As pontas dos dedos passearam por entre as pérolas, contornado uma a uma, desistiu de conta-las. Afinal, do que serviria saber a quantidade? Bastava-lhe ser adornada por lembranças, cicatrizes de sofrimento das ostras e neste momento isso lhe caía bem. Pela última vez, deitou-as sobre a pele nua, no vale entre o pescoço e o colo; espaço quente, que reagiu como savana ao vento no fim de tarde, fora percorrida por prazeroso arrepio ao momento do primeiro roçar.
As pálpebras cerraram-se junto aos seus sentimentos, resguardando o recato das retinas que se banhavam, nuas, em lágrimas mornas; pareciam-lhe escorrer em sentindo invertido, inundando suas cavernas de lembranças, num demorado e sufocante afogamento, sortidos ecos que se consumavam em soluços.
Também não contou o tempo até seu último suspiro. Privada d’aquele sopro que a mantinha viva, já não importava respirar, viveria doravante de um ar de lembranças.
E foi no balcão sobre os rochedos - testemunho de toda a fúria do mar, que arrancando de um golpe só, fê-las saltar, cintilantes como estrelas perdidas no céu - devolveu-as ao mar.

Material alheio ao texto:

lemma conf_at_pay_at_bounds:
  assumes "nonneg_bids b" "S \<in> set_pmf (inc b)"
  shows "0 \<le> conf_at conf b S k" "conf_at conf b S k \<le> 1" "0 \<le> pay_at pay b S k"
proof -
  have S: "S \<subseteq> {..<length b}" "card S \<le> B" using inc_support[OF assms] by auto
  have "finite S" by (rule finite_subset[OF S(1)]) simp
  then have "0 \<le> conf (incl b S) (pos S k) \<and> conf (incl b S) (pos S k) \<le> 1 \<and>
      0 \<le> pay (incl b S) (pos S k)" if "k \<in> S"
    using conf_pay_bounds[OF nonneg_bids_incl[OF assms(1) S(1)]] S(2) pos_less_card that by simp
  then show "0 \<le> conf_at conf b S k" "conf_at conf b S k \<le> 1" "0 \<le> pay_at pay b S k"
    by (auto simp: conf_at_def pay_at_def)
qed

lemma xx_bounds: "nonneg_bids b \<Longrightarrow> 0 \<le> xx inc conf b k \<and> xx inc conf b k \<le> 1"
  using expectation_mono_pmf[OF finite_set_pmf_inc, of b "\<lambda>_. 0" "\<lambda>S. conf_at conf b S k"]
    expectation_mono_pmf[OF finite_set_pmf_inc, of b "\<lambda>S. conf_at conf b S k" "\<lambda>_. 1"]
  by (simp add: xx_def conf_at_pay_at_bounds)

lemma pp_nonneg: "nonneg_bids b \<Longrightarrow> 0 \<le> pp inc pay b k"
  using expectation_mono_pmf[OF finite_set_pmf_inc, of b "\<lambda>_. 0" "\<lambda>S. pay_at pay b S k"]
  by (simp add: pp_def conf_at_pay_at_bounds)

lemma sum_conf_at_le:
  assumes "nonneg_bids b" "S \<in> set_pmf (inc b)"
  shows "(\<Sum>j<length b. conf_at conf b S j) \<le> real B"
proof -
  have S: "S \<subseteq> {..<length b}" "card S \<le> B" using inc_support[OF assms] by auto
  have "conf_at conf b S j \<le> (if j \<in> S then 1 else 0)" for j
    using conf_at_pay_at_bounds(2)[OF assms, of j] by (simp add: conf_at_def split: if_splits)
  then have "(\<Sum>j<length b. conf_at conf b S j) \<le> (\<Sum>j<length b. if j \<in> S then 1 else 0)"
    by (intro sum_mono)
  also have "\<dots> = real (card S)" using S(1) by (simp add: sum.If_cases Int_absorb1)
  finally show ?thesis using S(2) by simp
qed

lemma sum_xx_le: "nonneg_bids b \<Longrightarrow> (\<Sum>j<length b. xx inc conf b j) \<le> real B"
  using expectation_mono_pmf[OF finite_set_pmf_inc,
      of b "\<lambda>S. \<Sum>j<length b. conf_at conf b S j" "\<lambda>_. real B"]
  by (simp add: xx_def sum_conf_at_le integrable_measure_pmf_finite finite_set_pmf_inc)

lemma xx_eq_if_bids_eq:
  assumes "nonneg_bids b" "i < length b" "j < length b" "b ! i = b ! j"
  shows "xx inc conf b i = xx inc conf b j"
proof -
  have "swap_bids i j b = b" unfolding swap_bids_def by (metis assms(4) list_update_id)
  then show ?thesis using xx_swap_bids[OF assms(1-3,2)] by (simp add: tr_def)
qed

lemma card_mult_xx_le:
  assumes "nonneg_bids b" "J \<subseteq> {..<length b}" "k \<in> J" "\<And>j. j \<in> J \<Longrightarrow> b ! j = b ! k"
  shows "real (card J) * xx inc conf b k \<le> real B"
proof -
  have "xx inc conf b j = xx inc conf b k" if "j \<in> J" for j
    using xx_eq_if_bids_eq[OF assms(1), of j k] assms(2-4) that by blast
  then have "real (card J) * xx inc conf b k = (\<Sum>j\<in>J. xx inc conf b j)" by simp
  also have "\<dots> \<le> (\<Sum>j<length b. xx inc conf b j)"
    using xx_bounds[OF assms(1)] by (intro sum_mono2[OF _ assms(2)]) auto
  also have "\<dots> \<le> real B" using sum_xx_le[OF assms(1)] .
  finally show ?thesis .
qed
section \<open>Negative blocks do not extend\<close>

lemma negative_block_nondegenerate:
  assumes "negative_block \<eta> E \<phi> x0 xs"
  shows "det (\<chi> i. xs i - x0) \<noteq> 0"
proof
  assume "det (\<chi> i. xs i - x0) = 0"
  then obtain w where "w \<noteq> 0" "(\<chi> i. xs i - x0) *v w = 0"
    using det_eq_0_iff_null_vector by blast
  moreover have "((\<chi> i. xs i - x0) *v w) $ i = w \<bullet> (xs i - x0)" for i
    by (simp add: matrix_vector_mult_def inner_vec_def mult.commute)
  ultimately have w_xs: "w \<bullet> xs i = w \<bullet> x0" for i
    by (metis inner_diff_right right_minus_eq zero_index)
  from assms obtain L b where Lb: "interpolates L b \<phi> x0 xs"
    and unique: "\<exists>!Lb. interpolates (fst Lb) (snd Lb) \<phi> x0 xs"
    unfolding negative_block_def by auto
  have "(L + (\<chi> r c. w $ c)) *v x = L *v x + (\<chi> r. w \<bullet> x)" for x
    by (simp add: matrix_vector_mult_def vec_eq_iff inner_vec_def algebra_simps sum.distrib)
  then have "interpolates (L + (\<chi> r c. w $ c)) (b - (\<chi> r. w \<bullet> x0)) \<phi> x0 xs"
    using Lb w_xs unfolding interpolates_def by (auto simp: algebra_simps)
  with Lb unique have "L + (\<chi> r c. w $ c) = L"
    by (metis fst_conv snd_conv)
  then show False
    using \<open>w \<noteq> 0\<close> by (simp add: vec_eq_iff)
qed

Já não havia mais motivos para adornar-se, que a fúria do mar as consumisse, com a mesma destreza que a fúria da ingratidão a consumia.
Mira-se no espelho agora, com um gélido olhar e o único sinal de vida que se percebe, é o vinco avermelhado que ficou...rasto de uma última homenagem...
*[Escrito em fev/2011]
2 comentários:
'As pálpebras cerraram-se junto aos seus sentimentos, resguardando o recato das retinas que se banhavam, nuas, em lágrimas mornas;' Emocionante te ler! Um brinde a sua elegancia poética que rasga o verbo a flor da pele. Muito lindo seu espaço, cada coisa que leio, exulto. Abraços, V.
PS: Só consegui postar como anônimo, foram várias tentativas
Oi Amigo,
Obrigada pelo comentário, mas não exagera né...rs
Mudei o formato dos recados, mas mesmo assim, algumas pessoas encontram problemas. Mas é isso, sei que voces me visitam e só tenho que agradecer essa atenção toda.